Table 1 shows the results of Bland-Altman analyses and ICCs for the intertechnique comparisons. The intertechnique agreement was not assessed for two parameters, 3D strain and radial strain, because the results reported by the two software packages were not on the same scale and were thus not comparable. For example, the mean values of 3D strain obtained from the same 30 data sets were 21.1 ± 7.6% for V1/S1 and −34.9 ± 4.1% for V1/S2.
|Variable||Mean ± SD||V2/S2 vs V1/S1||V1/S2 vs V1/S1||V2/S2 vs V1/S2|
|Bias ∗||Limit of agreement ∗||ICC (95% CI)||Bias ∗||Limit of agreement ∗||ICC (95% CI)||Bias ∗||Limit of agreement ∗||ICC (95% CI)|
|Twist||8.16 ± 5.71||6.96 (85%)||11.43 (140%)||0.03 (−0.09 to 0.12)||7.73 (95%)||10.06 (123%)||0.08 (0 to 0.19)||−0.76 (9%)||15.28 (187%)||−0.02 (−0.33 to 0.27)|
|Longitudinal strain||−17.25 ± 3.27||−4.59 (27%)||7.7 (45%)||0 (−0.1 to 0.12)||−3.05 (18%)||5.58 (32%)||0.13 (−0.07 to 0.31)||−1.55 (9%)||6.09 (35%)||0.44 (0.16 to 0.63)|
|GLS||−15.71 ± 3.01||−2.92 (19%)||6.94 (44%)||0.15 (−0.04 to 0.33)||−2.17 (14%)||5.25 (33%)||0.27 (−0.02 to 0.54)||−0.75 (5%)||7.12 (45%)||0.35 (−0.09 to 0.63)|
|Circumferential strain||−23.57 ± 4.47||−4.32 (18%)||12.77 (54%)||−0.05 (−0.36 to 0.22)||−3.32 (14%)||7.02 (30%)||0.33 (0.07 to 0.55)||−1 (4%)||11.94 (51%)||0.1 (−0.25 to 0.46)|
|3D displacement||8.56 ± 1.53||0.88 (10%)||3.73 (44%)||0.21 (−0.02 to 0.45)||0.07 (1%)||2.36 (28%)||0.59 (0.26 to 0.78)||0.82 (10%)||3.5 (41%)||0.38 (0.07 to 0.61)|
For all measured parameters, the intertechnique agreement was better when the same software package was used to analyze images from different vendors (V2/S2 vs V1/S2) than when images from the same vendor were analyzed using different software packages (V1/S2 vs V1/S1). Not surprisingly, the worst levels of agreement were when images from different vendors were analyzed using different software packages (V2/S2 vs V1/S1).
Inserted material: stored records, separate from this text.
lemma local_quadratic_bounds:
  assumes "0 < e" and ball: "cball c e \<subseteq> U"
  obtains \<theta> \<Theta> where "0 < \<theta>" "\<theta> \<le> \<Theta>"
    and "\<And>a b. a \<in> cball c e \<Longrightarrow> b \<in> cball c e \<Longrightarrow> norm (G a - G b) \<le> \<Theta> * norm (a - b)"
    and "\<And>a b. a \<in> cball c e \<Longrightarrow> b \<in> cball c e \<Longrightarrow> \<theta> / 2 * (norm (a - b))\<^sup>2 \<le> D a b"
    and "\<And>a b. a \<in> cball c e \<Longrightarrow> b \<in> cball c e \<Longrightarrow> D a b \<le> \<Theta> / 2 * (norm (a - b))\<^sup>2"
proof -
  have K: "compact (cball c e)" "cball c e \<subseteq> U" "cball c e \<noteq> {}"
    using ball \<open>0 < e\<close> by auto
  obtain \<Theta>\<^sub>0 where onorm: "\<And>z. z \<in> cball c e \<Longrightarrow> onorm (H z) \<le> \<Theta>\<^sub>0"
    using onorm_H_bounded_on_compact[OF K] by blast
  obtain \<theta> where "0 < \<theta>" and hess: "\<And>z h. z \<in> cball c e \<Longrightarrow> \<theta> * (norm h)\<^sup>2 \<le> h \<bullet> H z h"
    using H_uniformly_pos_def_on_compact[OF K] by blast
  define \<Theta> where "\<Theta> = max \<Theta>\<^sub>0 \<theta>"
  have "onorm (H z) \<le> \<Theta>" if "z \<in> cball c e" for z
    using onorm[OF that] unfolding \<Theta>_def by (rule max.coboundedI1)
  then have lip: "norm (G a - G b) \<le> \<Theta> * norm (a - b)"
    if "a \<in> cball c e" "b \<in> cball c e" for a b
    using G_lipschitz_on_convex[OF convex_cball ball _ that] by blast
  have strong: "\<theta> * (norm (a - b))\<^sup>2 \<le> (G a - G b) \<bullet> (a - b)"
    if "a \<in> cball c e" "b \<in> cball c e" for a b
    using G_strongly_monotone_on_convex[OF convex_cball ball hess that] .
  show ?thesis
  proof (rule that)
    show "0 < \<theta>" "\<theta> \<le> \<Theta>"
      using \<open>0 < \<theta>\<close> by (simp_all add: \<Theta>_def)
    fix a b assume ab: "a \<in> cball c e" "b \<in> cball c e"
    show "norm (G a - G b) \<le> \<Theta> * norm (a - b)"
      using lip[OF ab] .
    show "\<theta> / 2 * (norm (a - b))\<^sup>2 \<le> D a b" "D a b \<le> \<Theta> / 2 * (norm (a - b))\<^sup>2"
      using D_quadratic_bounds[OF convex_cball ball ab strong lip] by blast+
  qed
qed

lemma D_three_point: "D x z = D x y + D y z + (G y - G z) \<bullet> (x - y)"
  unfolding D_def by (simp add: inner_diff_left inner_diff_right)

lemma D_mono_along_segment:
  assumes p: "p \<in> U" and z: "z \<in> U" and t: "t \<in> {0..1}"
  shows "D p (p + t *\<^sub>R (z - p)) \<le> D p z"
proof -
  define q where "q = p + t *\<^sub>R (z - p)"
  have q: "q \<in> U"
    unfolding q_def using segment_in_convex[OF convex_U z p t] .
  have "0 \<le> (G z - G q) \<bullet> (z - q)"
    using gradient_monotone[OF z q] .
  moreover have "z - q = (1 - t) *\<^sub>R (z - p)"
    by (simp add: q_def algebra_simps)
  ultimately have "0 \<le> (1 - t) * ((G z - G q) \<bullet> (z - p))"
    by simp
  moreover have "(G q - G z) \<bullet> (p - q) = t * ((G z - G q) \<bullet> (z - p))"
    by (simp add: q_def inner_diff_left inner_diff_right algebra_simps)
  ultimately have "0 \<le> (G q - G z) \<bullet> (p - q)"
    using t by (cases "t = 1") (auto simp: q_def zero_le_mult_iff)
  moreover have "0 \<le> D q z"
    using D_nonneg q z U_subset_edom by auto
  ultimately show ?thesis
    using D_three_point[of p z q] unfolding q_def by linarith
qed

lemma truncated_quadratic_le_D_left:
  assumes "0 < e" and ball: "cball c e \<subseteq> U"
    and quad: "\<And>a b. a \<in> cball c e \<Longrightarrow> b \<in> cball c e \<Longrightarrow> \<theta> / 2 * (norm (a - b))\<^sup>2 \<le> D a b"
    and z: "z \<in> cball c (e / 2)" and p: "p \<in> edom \<Phi>"
  shows "\<theta> / 2 * (min (norm (p - z)) (e / 2))\<^sup>2 \<le> D p z"
proof (cases "norm (p - z) \<le> e / 2")
  case True
  then have "p \<in> cball c (e / 2 + e / 2)"
    using cball_trans[OF z, of p "e / 2"] by (simp add: dist_norm norm_minus_commute)
  then have "p \<in> cball c e"
    by simp
  moreover have "z \<in> cball c e"
    using z \<open>0 < e\<close> by simp
  ultimately show ?thesis
    using quad[of p z] True by (simp add: min_def)
next
  case False
  \<comment> \<open>\<open>D (\<cdot>) z\<close> is convex and vanishes at \<open>z\<close>, so it grows along the segment from \<open>z\<close> to \<open>p\<close>\<close>
  define s where "s = (e / 2) / norm (p - z)"
  have pos: "0 < norm (p - z)"
    using False \<open>0 < e\<close> by linarith
  then have s: "0 < s" "s \<le> 1"
    using False \<open>0 < e\<close> by (auto simp: s_def field_simps)
  define q where "q = s *\<^sub>R p + (1 - s) *\<^sub>R z"
  have zU: "z \<in> U"
    using z ball \<open>0 < e\<close> by auto
  have qz: "q - z = s *\<^sub>R (p - z)"
    by (simp add: q_def algebra_simps)
  have norm_qz: "norm (q - z) = e / 2"
    using pos \<open>0 < e\<close> by (simp add: qz s_def)
  have "q \<in> cball c (e / 2 + e / 2)"
    using cball_trans[OF z, of q "e / 2"] norm_qz by (simp add: dist_norm norm_minus_commute)
  then have "q \<in> cball c e"
    by simp
  moreover have "z \<in> cball c e"
    using z \<open>0 < e\<close> by simp
  ultimately have "\<theta> / 2 * (e / 2)\<^sup>2 \<le> D q z"
    using quad[of q z] norm_qz by simp
  also have "D q z \<le> s * D p z"
    using convex_combination_in_edom(2)[OF p, of z s] zU U_subset_edom s
    unfolding D_def qz q_def[symmetric] by (auto simp: algebra_simps)
  also have "\<dots> \<le> D p z"
    using s D_nonneg[OF p zU] by (simp add: mult_left_le_one_le)
  finally show ?thesis
    using False by (simp add: min_def)
qed

lemma truncated_quadratic_le_D_right:
  assumes "0 < e" and ball: "cball c e \<subseteq> U"
    and quad: "\<And>a b. a \<in> cball c e \<Longrightarrow> b \<in> cball c e \<Longrightarrow> \<theta> / 2 * (norm (a - b))\<^sup>2 \<le> D a b"
    and p: "p \<in> cball c (e / 2)" and z: "z \<in> U"
  shows "\<theta> / 2 * (min (norm (p - z)) (e / 2))\<^sup>2 \<le> D p z"
proof (cases "norm (p - z) \<le> e / 2")
  case True
  then have "z \<in> cball c (e / 2 + e / 2)"
    using cball_trans[OF p, of z "e / 2"] by (simp add: dist_norm)
  then have "z \<in> cball c e"
    by simp
  moreover have "p \<in> cball c e"
    using p \<open>0 < e\<close> by simp
  ultimately show ?thesis
    using quad[of p z] True by (simp add: min_def)
next
  case False
  define t where "t = (e / 2) / norm (z - p)"
  have pos: "0 < norm (z - p)"
    using False \<open>0 < e\<close> norm_minus_commute[of z p] by linarith
  then have t: "t \<in> {0..1}"
    using False \<open>0 < e\<close> by (auto simp: t_def field_simps norm_minus_commute)
  define q where "q = p + t *\<^sub>R (z - p)"
  have norm_qp: "norm (q - p) = e / 2"
    using pos \<open>0 < e\<close> by (simp add: q_def t_def)
  have "q \<in> cball c (e / 2 + e / 2)"
    using cball_trans[OF p, of q "e / 2"] norm_qp by (simp add: dist_norm norm_minus_commute)
  then have "q \<in> cball c e"
    by simp
  moreover have "p \<in> cball c e"
    using p \<open>0 < e\<close> by simp
  ultimately have "\<theta> / 2 * (e / 2)\<^sup>2 \<le> D p q"
    using quad[of p q] norm_qp norm_minus_commute[of p q] by simp
  also have "D p q \<le> D p z"
    unfolding q_def using D_mono_along_segment[OF _ z t] \<open>p \<in> cball c e\<close> ball by blast
  finally show ?thesis
    using False by (simp add: min_def)
qed

lemma D_le_zero_imp_eq:
  assumes x: "x \<in> U" and x': "x' \<in> edom \<Phi>" and "D x' x \<le> 0"
  shows "x' = x"
proof -
  obtain e where e: "0 < e" "cball x e \<subseteq> U"
    using open_interior x open_contains_cball by blast
  obtain \<theta> where "0 < \<theta>"
    and quad: "\<And>a b. a \<in> cball x e \<Longrightarrow> b \<in> cball x e \<Longrightarrow> \<theta> / 2 * (norm (a - b))\<^sup>2 \<le> D a b"
    using local_quadratic_bounds[OF e] by metis
  have "\<theta> / 2 * (min (norm (x' - x)) (e / 2))\<^sup>2 \<le> D x' x"
    by (rule truncated_quadratic_le_D_left[where c = x]) (use e quad x' in auto)
  then have "\<theta> / 2 * (min (norm (x' - x)) (e / 2))\<^sup>2 \<le> 0"
    using \<open>D x' x \<le> 0\<close> by linarith
  then have "min (norm (x' - x)) (e / 2) = 0"
    using \<open>0 < \<theta>\<close> by (simp add: mult_le_0_iff)
  then show ?thesis
    using e(1) by (simp add: min_def split: if_splits)
qed

lemma Phi_le_limit:
  assumes xs: "xs \<longlonglongrightarrow> x" and le: "\<And>n. \<Phi> (xs n) \<le> ereal (g n)" and g: "g \<longlonglongrightarrow> L"
  shows "\<Phi> x \<le> ereal L"
proof (rule ccontr)
  assume "\<not> \<Phi> x \<le> ereal L"
  then obtain a where a: "L < a" "ereal a < \<Phi> x"
    using ereal_dense2 not_le by (metis less_ereal.simps(1))
  have "ereal a < Liminf (at x) \<Phi>"
    using a(2) lsc_Phi unfolding lsc_fun_def by (meson order_less_le_trans)
  then have "eventually (\<lambda>u. ereal a < \<Phi> u) (at x)"
    by (rule less_LiminfD)
  then have "eventually (\<lambda>u. ereal a < \<Phi> u) (nhds x)"
    using a(2) by (simp add: eventually_at_topological eventually_nhds) metis
  then have "eventually (\<lambda>n. ereal a < \<Phi> (xs n)) sequentially"
    using xs by (rule filterlim_iff[THEN iffD1, rule_format, rotated])
  moreover have "eventually (\<lambda>n. g n < a) sequentially"
    using g a(1) by (rule order_tendstoD)
  ultimately obtain n where n: "ereal a < \<Phi> (xs n)" "g n < a"
    using eventually_happens'[OF sequentially_bot] eventually_conj by blast
  then have "\<Phi> (xs n) < ereal a"
    using order.strict_trans1[OF le[of n], of "ereal a"] by simp
  then show False
    using n(1) by simp
qed

lemma D_bounds_norm_G:
  assumes x: "x \<in> U"
  obtains r M where "0 < r" "\<And>z. z \<in> U \<Longrightarrow> f x - M + r * norm (G z) \<le> D x z"
proof -
  obtain r where r: "0 < r" "cball x r \<subseteq> U"
    using open_interior x open_contains_cball by blast
  obtain m where m: "\<And>u. u \<in> cball x r \<Longrightarrow> f u \<le> f m"
    using continuous_attains_sup[OF compact_cball _ continuous_on_subset[OF continuous_on_f r(2)]] r(1)
    by fastforce
  \<comment> \<open>test the gradient inequality at \<open>z\<close> against the point of the ball in direction \<open>G z\<close>\<close>
  have "f x - f m + r * norm (G z) \<le> D x z" if z: "z \<in> U" for z
  proof -
    define u where "u = x + (r / norm (G z)) *\<^sub>R G z"
    have "f z + G z \<bullet> (x - z) \<le> f x"
      using gradient_inequality z x U_subset_edom by blast
    moreover have "norm (u - x) \<le> r"
      using r(1) by (cases "G z = 0") (simp_all add: u_def)
    then have "u \<in> cball x r"
      by (simp add: dist_norm norm_minus_commute)
    then have "f z + G z \<bullet> (u - z) \<le> f m"
      using gradient_inequality[OF z, of u] r(2) U_subset_edom m by force
    moreover have "G z \<bullet> (u - z) = G z \<bullet> (x - z) + r * norm (G z)"
      by (cases "G z = 0")
        (simp_all add: u_def inner_diff_right inner_add_right power2_norm_eq_inner[symmetric] power2_eq_square)
    moreover have "f x \<le> f m"
      using m[of x] r(1) by simp
    ultimately show ?thesis
      unfolding D_def by (cases "G z = 0") auto
  qed
  then show ?thesis
    using that r(1) by blast
qed

lemma limit_in_U_if_G_bounded:
  assumes "\<And>n. zs n \<in> U" "zs \<longlonglongrightarrow> z" "\<And>n. norm (G (zs n)) \<le> B"
  shows "z \<in> U"
proof (rule ccontr)
  assume "z \<notin> U"
  moreover have "z \<in> closure (edom \<Phi>)"
    unfolding closure_sequential using assms(1,2) U_subset_edom by blast
  ultimately have "z \<in> frontier (edom \<Phi>)"
    unfolding frontier_def by simp
  then have "filterlim (\<lambda>n. norm (G (zs n))) at_top sequentially"
    using essentially_smooth_Phi assms(1,2) unfolding essentially_smooth_def by blast
  then obtain n where "B + 1 \<le> norm (G (zs n))"
    unfolding filterlim_at_top using eventually_happens'[OF sequentially_bot] by blast
  then show False
    using assms(3)[of n] by simp
qed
For all three comparisons, twist was the parameter with the worst intertechnique concordance, as reflected by biases of up to 95% of the mean value and ICCs < 0.1. In contrast, 3D displacement showed the best intertechnique agreement, with biases up to only 10% of the mean value and ICCs varying between 0.21 and 0.59.
These segmental intertechnique concordance data demonstrated that regional measurements showed biases and ICCs that were similar to or worse than those measured globally, but the limits of agreement were systematically two to three times wider, being of the same order of magnitude as the mean value (detailed data per segment are not shown for the sake of space and simplicity).
Results of intrinsic variability analysis measured by ICCs are displayed in Figures 4 to 6 , together with the intertechnique comparisons: Figure 4 shows the two global indices (GLS and twist), Figure 5 the 3D measurements (strain and displacement), and Figure 6 the three strain components. Among the measured parameters, 3D displacement was the most reproducible, with ICCs consistently > 0.65. In contrast, twist was the least reproducible parameter, with most ICCs < 0.50.